* PROBLEM TO SOLVE:
Repeat each entry below exactly as it stands.

* DATA FOR ANALYSIS:
▶

lemma polygonal_path_height_exists:
  assumes "cone_chain P m" "0 < m" "snd (P 0) \<le> y" "y \<le> snd (P m)"
  shows "\<exists>X\<in>polygonal_path P m. snd X = y"
  using assms
proof (induction m)
  case 0
  then show ?case by simp
next
  case (Suc m)
  show ?case
  proof (cases "0 < m \<and> y \<le> snd (P m)")
    case True
    then obtain X where "X \<in> polygonal_path P m" "snd X = y"
      using Suc by (auto simp: cone_chain_def)
    moreover have "polygonal_path P m \<subseteq> polygonal_path P (Suc m)"
      unfolding polygonal_path_def by (rule UN_mono) auto
    ultimately show ?thesis by blast
  next
    case False
    define a b where "a = snd (P m)" and "b = snd (P (Suc m))"
    have ab: "a \<le> y" "y \<le> b"
      using False Suc.prems by (auto simp: a_def b_def)
    define u where "u = (y - a) / (b - a)"
    have u: "0 \<le> u" "u \<le> 1"
      using ab by (auto simp: u_def divide_simps)
    define X where "X = (1 - u) *\<^sub>R P m + u *\<^sub>R P (Suc m)"
    have "X \<in> polygonal_path P (Suc m)"
      unfolding X_def polygonal_path_def using u by (auto simp: in_segment)
    moreover have "snd X = y"
    proof (cases "a < b")
      case True
      then have "u * (b - a) = y - a"
        by (simp add: u_def)
      then show ?thesis by (simp add: X_def a_def b_def algebra_simps)
    next
      case False
      then have "a = y" "b = y"
        using ab by simp_all
      then show ?thesis by (simp add: X_def u_def a_def b_def)
    qed
    ultimately show ?thesis by blast
  qed
qed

◀

* WRITTEN REPLY:
lemma polygonal_path_height_exists:
  assumes "cone_chain P m" "0 < m" "snd (P 0) \<le> y" "y \<le> snd (P m)"
  shows "\<exists>X\<in>polygonal_path P m. snd X = y"
  using assms
proof (induction m)
  case 0
  then show ?case by simp
next
  case (Suc m)
  show ?case
  proof (cases "0 < m \<and> y \<le> snd (P m)")
    case True
    then obtain X where "X \<in> polygonal_path P m" "snd X = y"
      using Suc by (auto simp: cone_chain_def)
    moreover have "polygonal_path P m \<subseteq> polygonal_path P (Suc m)"
      unfolding polygonal_path_def by (rule UN_mono) auto
    ultimately show ?thesis by blast
  next
    case False
    define a b where "a = snd (P m)" and "b = snd (P (Suc m))"
    have ab: "a \<le> y" "y \<le> b"
      using False Suc.prems by (auto simp: a_def b_def)
    define u where "u = (y - a) / (b - a)"
    have u: "0 \<le> u" "u \<le> 1"
      using ab by (auto simp: u_def divide_simps)
    define X where "X = (1 - u) *\<^sub>R P m + u *\<^sub>R P (Suc m)"
    have "X \<in> polygonal_path P (Suc m)"
      unfolding X_def polygonal_path_def using u by (auto simp: in_segment)
    moreover have "snd X = y"
    proof (cases "a < b")
      case True
      then have "u * (b - a) = y - a"
        by (simp add: u_def)
      then show ?thesis by (simp add: X_def a_def b_def algebra_simps)
    next
      case False
      then have "a = y" "b = y"
        using ab by simp_all
      then show ?thesis by (simp add: X_def u_def a_def b_def)
    qed
    ultimately show ?thesis by blast
  qed
qed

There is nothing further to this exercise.